__THE PROBLEM__.
Within the data below, find the string "pword" and return each line where it occurs.

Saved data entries
---------------
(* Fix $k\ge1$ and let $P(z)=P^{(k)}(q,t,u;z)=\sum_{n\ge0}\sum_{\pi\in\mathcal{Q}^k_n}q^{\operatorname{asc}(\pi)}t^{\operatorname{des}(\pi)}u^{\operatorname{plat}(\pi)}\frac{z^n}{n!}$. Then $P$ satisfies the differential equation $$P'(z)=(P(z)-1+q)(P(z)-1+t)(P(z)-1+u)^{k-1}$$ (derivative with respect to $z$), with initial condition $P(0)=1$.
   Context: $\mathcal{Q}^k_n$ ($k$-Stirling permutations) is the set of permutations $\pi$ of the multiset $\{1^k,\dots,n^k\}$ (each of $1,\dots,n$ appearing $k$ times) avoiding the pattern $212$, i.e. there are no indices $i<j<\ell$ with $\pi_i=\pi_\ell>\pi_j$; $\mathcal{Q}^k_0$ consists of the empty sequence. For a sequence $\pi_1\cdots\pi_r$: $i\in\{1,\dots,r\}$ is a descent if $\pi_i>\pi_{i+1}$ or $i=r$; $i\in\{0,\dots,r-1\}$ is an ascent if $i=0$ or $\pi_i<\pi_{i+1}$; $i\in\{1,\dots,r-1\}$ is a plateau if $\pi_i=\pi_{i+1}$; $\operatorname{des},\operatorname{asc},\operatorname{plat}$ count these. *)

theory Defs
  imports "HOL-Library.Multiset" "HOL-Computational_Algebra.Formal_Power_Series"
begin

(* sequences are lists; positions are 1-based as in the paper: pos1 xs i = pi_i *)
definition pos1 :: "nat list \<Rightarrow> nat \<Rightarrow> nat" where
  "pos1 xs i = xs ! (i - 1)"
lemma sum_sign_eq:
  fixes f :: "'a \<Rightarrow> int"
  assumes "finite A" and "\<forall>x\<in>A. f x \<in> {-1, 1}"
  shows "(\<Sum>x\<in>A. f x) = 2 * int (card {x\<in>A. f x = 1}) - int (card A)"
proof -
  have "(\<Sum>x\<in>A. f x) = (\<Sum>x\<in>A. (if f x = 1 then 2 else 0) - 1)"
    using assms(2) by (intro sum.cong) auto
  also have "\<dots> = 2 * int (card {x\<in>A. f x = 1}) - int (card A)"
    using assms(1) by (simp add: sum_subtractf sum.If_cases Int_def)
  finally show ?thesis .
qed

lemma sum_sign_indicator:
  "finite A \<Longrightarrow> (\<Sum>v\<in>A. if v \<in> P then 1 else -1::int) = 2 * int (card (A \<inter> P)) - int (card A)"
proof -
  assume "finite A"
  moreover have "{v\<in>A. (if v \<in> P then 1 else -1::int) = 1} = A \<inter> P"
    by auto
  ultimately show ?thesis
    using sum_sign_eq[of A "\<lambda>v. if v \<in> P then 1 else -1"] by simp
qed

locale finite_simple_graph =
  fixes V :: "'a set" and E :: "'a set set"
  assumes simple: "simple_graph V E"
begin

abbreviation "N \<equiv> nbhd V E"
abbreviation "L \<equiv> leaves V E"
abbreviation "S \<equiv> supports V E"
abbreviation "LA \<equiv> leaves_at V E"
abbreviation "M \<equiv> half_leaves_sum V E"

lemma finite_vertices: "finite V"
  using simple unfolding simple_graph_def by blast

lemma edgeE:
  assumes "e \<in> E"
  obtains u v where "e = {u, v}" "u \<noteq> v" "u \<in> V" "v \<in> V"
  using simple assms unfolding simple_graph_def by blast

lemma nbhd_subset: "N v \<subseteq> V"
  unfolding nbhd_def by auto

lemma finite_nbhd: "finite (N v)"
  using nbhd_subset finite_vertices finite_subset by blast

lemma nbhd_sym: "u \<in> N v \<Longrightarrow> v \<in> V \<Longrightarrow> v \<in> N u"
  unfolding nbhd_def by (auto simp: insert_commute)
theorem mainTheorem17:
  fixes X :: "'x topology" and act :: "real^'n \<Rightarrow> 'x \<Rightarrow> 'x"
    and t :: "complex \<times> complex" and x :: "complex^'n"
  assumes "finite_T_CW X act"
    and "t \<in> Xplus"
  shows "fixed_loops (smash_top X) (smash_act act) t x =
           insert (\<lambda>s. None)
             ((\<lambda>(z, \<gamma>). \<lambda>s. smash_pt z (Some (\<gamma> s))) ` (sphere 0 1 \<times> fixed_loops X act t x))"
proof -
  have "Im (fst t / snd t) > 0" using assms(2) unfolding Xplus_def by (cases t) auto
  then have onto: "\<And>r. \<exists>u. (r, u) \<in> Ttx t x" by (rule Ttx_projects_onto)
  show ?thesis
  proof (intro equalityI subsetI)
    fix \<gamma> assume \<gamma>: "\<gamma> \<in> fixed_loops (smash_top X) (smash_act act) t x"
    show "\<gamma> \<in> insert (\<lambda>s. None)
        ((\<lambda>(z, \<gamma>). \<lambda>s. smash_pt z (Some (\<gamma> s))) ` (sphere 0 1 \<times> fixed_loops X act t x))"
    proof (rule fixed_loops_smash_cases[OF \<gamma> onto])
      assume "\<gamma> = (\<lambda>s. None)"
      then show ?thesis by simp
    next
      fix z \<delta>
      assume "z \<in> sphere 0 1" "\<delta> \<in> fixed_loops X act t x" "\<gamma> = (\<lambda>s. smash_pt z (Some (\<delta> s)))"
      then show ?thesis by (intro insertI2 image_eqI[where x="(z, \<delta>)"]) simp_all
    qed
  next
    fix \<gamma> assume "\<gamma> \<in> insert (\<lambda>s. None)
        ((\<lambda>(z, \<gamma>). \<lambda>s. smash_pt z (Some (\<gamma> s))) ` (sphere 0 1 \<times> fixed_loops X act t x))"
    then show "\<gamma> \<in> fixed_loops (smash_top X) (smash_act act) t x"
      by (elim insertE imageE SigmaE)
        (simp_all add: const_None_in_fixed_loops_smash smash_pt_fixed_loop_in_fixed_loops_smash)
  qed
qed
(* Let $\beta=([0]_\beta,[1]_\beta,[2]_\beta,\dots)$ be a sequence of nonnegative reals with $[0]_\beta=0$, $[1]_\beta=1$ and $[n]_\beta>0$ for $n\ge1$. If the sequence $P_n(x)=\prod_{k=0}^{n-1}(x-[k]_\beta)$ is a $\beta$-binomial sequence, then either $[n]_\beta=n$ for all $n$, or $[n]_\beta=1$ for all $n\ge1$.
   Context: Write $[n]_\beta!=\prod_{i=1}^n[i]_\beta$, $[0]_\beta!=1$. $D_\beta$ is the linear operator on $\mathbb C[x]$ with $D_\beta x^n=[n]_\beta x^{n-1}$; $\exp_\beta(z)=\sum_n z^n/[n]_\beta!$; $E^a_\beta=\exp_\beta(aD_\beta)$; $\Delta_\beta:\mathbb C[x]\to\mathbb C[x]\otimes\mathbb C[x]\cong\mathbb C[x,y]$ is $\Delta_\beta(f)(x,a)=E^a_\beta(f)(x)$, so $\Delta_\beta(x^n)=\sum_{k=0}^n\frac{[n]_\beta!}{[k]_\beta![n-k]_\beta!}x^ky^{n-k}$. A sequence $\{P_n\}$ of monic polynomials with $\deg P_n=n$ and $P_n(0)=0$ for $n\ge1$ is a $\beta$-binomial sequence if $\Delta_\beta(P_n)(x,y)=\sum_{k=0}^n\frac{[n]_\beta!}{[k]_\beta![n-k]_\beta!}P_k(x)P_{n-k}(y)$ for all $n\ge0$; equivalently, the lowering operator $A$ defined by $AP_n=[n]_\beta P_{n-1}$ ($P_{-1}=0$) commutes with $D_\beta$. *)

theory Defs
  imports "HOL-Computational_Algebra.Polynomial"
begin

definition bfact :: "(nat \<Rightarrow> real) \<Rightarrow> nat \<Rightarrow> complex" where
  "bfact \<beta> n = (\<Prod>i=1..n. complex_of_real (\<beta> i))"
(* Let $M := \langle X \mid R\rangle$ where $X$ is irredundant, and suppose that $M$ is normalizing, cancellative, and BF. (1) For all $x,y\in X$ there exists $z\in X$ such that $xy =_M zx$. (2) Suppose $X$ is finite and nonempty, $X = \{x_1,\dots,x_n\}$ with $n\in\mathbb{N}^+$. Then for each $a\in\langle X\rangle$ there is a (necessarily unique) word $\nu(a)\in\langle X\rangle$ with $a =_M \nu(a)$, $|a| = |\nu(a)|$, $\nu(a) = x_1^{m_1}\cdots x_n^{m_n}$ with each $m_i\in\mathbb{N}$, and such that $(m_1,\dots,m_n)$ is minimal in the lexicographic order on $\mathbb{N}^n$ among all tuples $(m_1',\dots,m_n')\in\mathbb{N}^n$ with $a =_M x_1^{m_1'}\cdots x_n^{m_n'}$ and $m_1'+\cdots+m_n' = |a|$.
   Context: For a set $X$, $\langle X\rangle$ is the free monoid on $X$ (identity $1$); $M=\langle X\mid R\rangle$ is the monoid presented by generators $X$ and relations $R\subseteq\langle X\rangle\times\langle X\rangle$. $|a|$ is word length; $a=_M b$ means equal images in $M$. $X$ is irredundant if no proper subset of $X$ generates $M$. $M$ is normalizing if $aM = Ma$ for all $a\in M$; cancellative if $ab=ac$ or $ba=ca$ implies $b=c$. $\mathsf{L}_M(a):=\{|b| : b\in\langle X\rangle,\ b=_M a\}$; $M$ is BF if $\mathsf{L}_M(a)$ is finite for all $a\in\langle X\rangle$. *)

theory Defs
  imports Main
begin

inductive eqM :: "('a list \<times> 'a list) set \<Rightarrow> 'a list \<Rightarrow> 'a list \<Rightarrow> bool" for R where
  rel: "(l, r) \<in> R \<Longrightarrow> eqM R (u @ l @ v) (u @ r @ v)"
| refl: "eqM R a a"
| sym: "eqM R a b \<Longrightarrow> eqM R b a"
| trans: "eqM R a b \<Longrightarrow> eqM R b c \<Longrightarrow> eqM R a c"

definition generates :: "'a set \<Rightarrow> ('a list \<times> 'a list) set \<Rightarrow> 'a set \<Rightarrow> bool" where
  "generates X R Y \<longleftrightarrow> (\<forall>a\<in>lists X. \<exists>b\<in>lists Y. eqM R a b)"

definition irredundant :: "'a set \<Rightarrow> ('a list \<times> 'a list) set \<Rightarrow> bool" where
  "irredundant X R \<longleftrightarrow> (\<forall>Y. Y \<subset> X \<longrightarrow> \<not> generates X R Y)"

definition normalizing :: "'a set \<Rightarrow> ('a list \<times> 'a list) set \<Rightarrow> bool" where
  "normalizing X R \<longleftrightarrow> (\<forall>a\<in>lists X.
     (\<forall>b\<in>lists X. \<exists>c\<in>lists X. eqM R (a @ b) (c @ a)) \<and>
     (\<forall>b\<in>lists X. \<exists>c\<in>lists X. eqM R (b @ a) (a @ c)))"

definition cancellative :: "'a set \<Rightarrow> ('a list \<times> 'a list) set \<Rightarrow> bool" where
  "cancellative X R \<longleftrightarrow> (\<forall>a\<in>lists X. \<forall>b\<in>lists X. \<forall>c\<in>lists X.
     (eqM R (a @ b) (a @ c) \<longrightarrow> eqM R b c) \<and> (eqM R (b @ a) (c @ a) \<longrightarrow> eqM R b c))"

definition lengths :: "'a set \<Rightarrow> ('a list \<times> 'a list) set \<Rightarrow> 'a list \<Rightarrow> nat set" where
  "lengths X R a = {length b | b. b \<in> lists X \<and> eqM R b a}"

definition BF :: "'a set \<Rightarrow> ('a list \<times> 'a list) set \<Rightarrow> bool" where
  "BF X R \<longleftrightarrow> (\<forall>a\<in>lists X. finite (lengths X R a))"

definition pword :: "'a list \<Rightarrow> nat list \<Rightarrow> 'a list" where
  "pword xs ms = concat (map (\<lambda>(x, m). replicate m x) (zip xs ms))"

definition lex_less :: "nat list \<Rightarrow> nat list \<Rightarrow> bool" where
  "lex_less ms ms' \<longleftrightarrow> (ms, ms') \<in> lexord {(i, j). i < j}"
---------------
__WRITTEN ANSWER__.
definition pword :: "'a list \<Rightarrow> nat list \<Rightarrow> 'a list" where
  "pword xs ms = concat (map (\<lambda>(x, m). replicate m x) (zip xs ms))"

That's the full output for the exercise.